▶ **Exercise**
Return all lines from the listing below that include the word "close".

▶ **Stored data**
lemma stateless_has_computation_den_fls:
  fixes c :: "'k::field circuit"
  assumes "stateless c" and "t \<le> 0" and comp: "has_computation c t U V"
  shows "(fls_of_labels t U, fls_of_labels t V) \<in> den_fls c"
proof (rule stateless_den_fls_of_steps[OF \<open>stateless c\<close>])
  fix k
  have steps: "step (t + int n) (init_state c) (U n) (V n) (init_state c)" for n
    using comp by (simp add: has_computation_stateless[OF \<open>stateless c\<close>])
  have coeffs_U: "coeffs_at k (fls_of_labels t U) =
      (if k < t then replicate (length (U 0)) 0 else U (nat (k - t)))"
    and coeffs_V: "coeffs_at k (fls_of_labels t V) =
      (if k < t then replicate (length (V 0)) 0 else V (nat (k - t)))"
    by (rule coeffs_at_fls_of_labels, rule has_computation_length[OF comp])+
  show "step k (init_state c)
      (coeffs_at k (fls_of_labels t U)) (coeffs_at k (fls_of_labels t V)) (init_state c)"
  proof (cases "k < t")
    \<comment> \<open>Before time t every wire carries 0: a legal step, except for the impulse of One at time 0.\<close>
    case True
    with \<open>t \<le> 0\<close> have "k \<noteq> 0"
      by simp
    with True show ?thesis
      unfolding coeffs_U coeffs_V
      using has_computation_has_sort[OF comp, of 0] stateless_step_replicate_0 \<open>stateless c\<close>
      by simp
  next
    case False
    then show ?thesis
      unfolding coeffs_U coeffs_V using steps[of "nat (k - t)"] by simp
  qed
qed

lemma den_fls_has_computation:
  fixes c :: "'k::field circuit"
  assumes "(u, v) \<in> den_fls c"
  shows "\<forall>\<^sub>F t in at_bot. has_computation c t (labels t u) (labels t v)"
  using assms
proof (induction c arbitrary: u v)
  case (Seq c d)
  then obtain w where uw: "(u, w) \<in> den_fls c" and wv: "(w, v) \<in> den_fls d"
    by auto
  have "\<forall>\<^sub>F t in at_bot. has_computation c t (labels t u) (labels t w)
      \<and> has_computation d t (labels t w) (labels t v)"
    by (rule eventually_conj[OF Seq.IH(1)[OF uw] Seq.IH(2)[OF wv]])
  then show ?case
    by (rule eventually_mono) (auto simp: has_computation_Seq)
next
  case (Par c d)
  then obtain u1 u2 v1 v2 where uv: "u = u1 @ u2" "v = v1 @ v2"
    and uv1: "(u1, v1) \<in> den_fls c" and uv2: "(u2, v2) \<in> den_fls d"
    by auto
  have "\<forall>\<^sub>F t in at_bot. has_computation c t (labels t u1) (labels t v1)
      \<and> has_computation d t (labels t u2) (labels t v2)"
    by (rule eventually_conj[OF Par.IH(1)[OF uv1] Par.IH(2)[OF uv2]])
  then show ?case
    by (rule eventually_mono) (force simp: uv has_computation_Par)
next
  case (Reg x)
  then obtain p where "u = [p]" "v = [p * fls_X]"
    by auto
  \<comment> \<open>The register holds the previous coefficient of p, which is 0 at the start once t is
      at most the subdegree of p.\<close>
  moreover have "has_computation (Reg x) t (\<lambda>n. [p $$ (t + int n)]) (\<lambda>n. [p $$ (t + int n - 1)])"
    if "t \<le> fls_subdegree p" for t
    using that unfolding has_computation_Reg
    by (intro exI[of _ "\<lambda>n. p $$ (t + int n - 1)"])
      (auto simp: nth_less_subdegree_zero algebra_simps)
  ultimately show ?case
    by (auto simp: coeffs_at_def fls_X_times_conv_shift intro: eventually_mono[OF eventually_le_at_bot])
next
  case (RegOp x)
  then obtain p where "u = [p * fls_X]" "v = [p]"
    by auto
  moreover have "has_computation (RegOp x) t (\<lambda>n. [p $$ (t + int n - 1)]) (\<lambda>n. [p $$ (t + int n)])"
    if "t \<le> fls_subdegree p" for t
    using that unfolding has_computation_RegOp
    by (intro exI[of _ "\<lambda>n. p $$ (t + int n - 1)"])
      (auto simp: nth_less_subdegree_zero algebra_simps)
  ultimately show ?case
    by (auto simp: coeffs_at_def fls_X_times_conv_shift intro: eventually_mono[OF eventually_le_at_bot])
qed (auto simp: has_computation_stateless stateless_step_coeffs_at intro: always_eventually)

lemma has_computation_den_fls:
  fixes c :: "'k::field circuit"
  assumes "t \<le> 0" and "has_computation c t U V"
  shows "(fls_of_labels t U, fls_of_labels t V) \<in> den_fls c"
  using assms(2)
proof (induction c arbitrary: U V)
  case (Seq c d)
  then obtain W where "has_computation c t U W" "has_computation d t W V"
    by (auto simp: has_computation_Seq)
  with Seq.IH have "(fls_of_labels t U, fls_of_labels t W) \<in> den_fls c"
    "(fls_of_labels t W, fls_of_labels t V) \<in> den_fls d"
    by blast+
  then show ?case
    by auto
next
  case (Par c d)
  then obtain U1 U2 V1 V2 where UV: "U = (\<lambda>n. U1 n @ U2 n)" "V = (\<lambda>n. V1 n @ V2 n)"
    and c: "has_computation c t U1 V1" and d: "has_computation d t U2 V2"
    by (auto simp: has_computation_Par)
  have "fls_of_labels t U = fls_of_labels t U1 @ fls_of_labels t U2"
    "fls_of_labels t V = fls_of_labels t V1 @ fls_of_labels t V2"
    unfolding UV by (rule fls_of_labels_append, rule has_computation_length[OF c])+
  with Par.IH(1)[OF c] Par.IH(2)[OF d] show ?case
    by auto
next
  case (Reg x)
  then obtain b where "b 0 = 0" "U = (\<lambda>n. [b (Suc n)])" "V = (\<lambda>n. [b n])"
    by (auto simp: has_computation_Reg)
  then show ?case
    by (simp add: fls_of_labels_def fls_from_Suc_times_X)
next
  case (RegOp x)
  then obtain b where "b 0 = 0" "U = (\<lambda>n. [b n])" "V = (\<lambda>n. [b (Suc n)])"
    by (auto simp: has_computation_RegOp)
  then show ?case
    by (simp add: fls_of_labels_def fls_from_Suc_times_X)
qed (use assms(1) in
  \<open>auto simp del: den_in.simps intro!: stateless_has_computation_den_fls\<close>)

theorem proposition5:
  fixes c :: "'k::field circuit"
  assumes "c \<in> ACirc 0 0"
  shows "den c = {([], [])} \<longleftrightarrow> diverges c"
proof
  assume "den c = {([], [])}"
  then have "([], []) \<in> den_fls c"
    by (simp flip: Nil_mem_den_iff_den_fls)
  from den_fls_has_computation[OF this] obtain t0
    where "\<And>t. t \<le> t0 \<Longrightarrow> has_computation c t (\<lambda>_. []) (\<lambda>_. [])"
    by (auto simp: coeffs_at_def eventually_at_bot_linorder)
  then show "diverges c"
    unfolding diverges_iff_has_computation by (intro exI[of _ "min t0 0"]) simp
next
  assume "diverges c"
  then obtain t where "t \<le> 0" "has_computation c t (\<lambda>_. []) (\<lambda>_. [])"
    by (auto simp: diverges_iff_has_computation)
  then have "([], []) \<in> den c"
    using has_computation_den_fls Nil_mem_den_iff_den_fls by (fastforce simp: fls_of_labels_def)
  moreover have "den c \<subseteq> {([], [])}"
    using assms den_in_length by (fastforce simp: ACirc_def den_eq_den_in)
  ultimately show "den c = {([], [])}"
    by blast
qed

end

▶ **Exercise output**
proof (rule stateless_den_fls_of_steps[OF \<open>stateless c\<close>])
    using comp by (simp add: has_computation_stateless[OF \<open>stateless c\<close>])
    \<comment> \<open>Before time t every wire carries 0: a legal step, except for the impulse of One at time 0.\<close>
    with \<open>t \<le> 0\<close> have "k \<noteq> 0"
      using has_computation_has_sort[OF comp, of 0] stateless_step_replicate_0 \<open>stateless c\<close>
      at most the subdegree of p.\<close>
  \<open>auto simp del: den_in.simps intro!: stateless_has_computation_den_fls\<close>)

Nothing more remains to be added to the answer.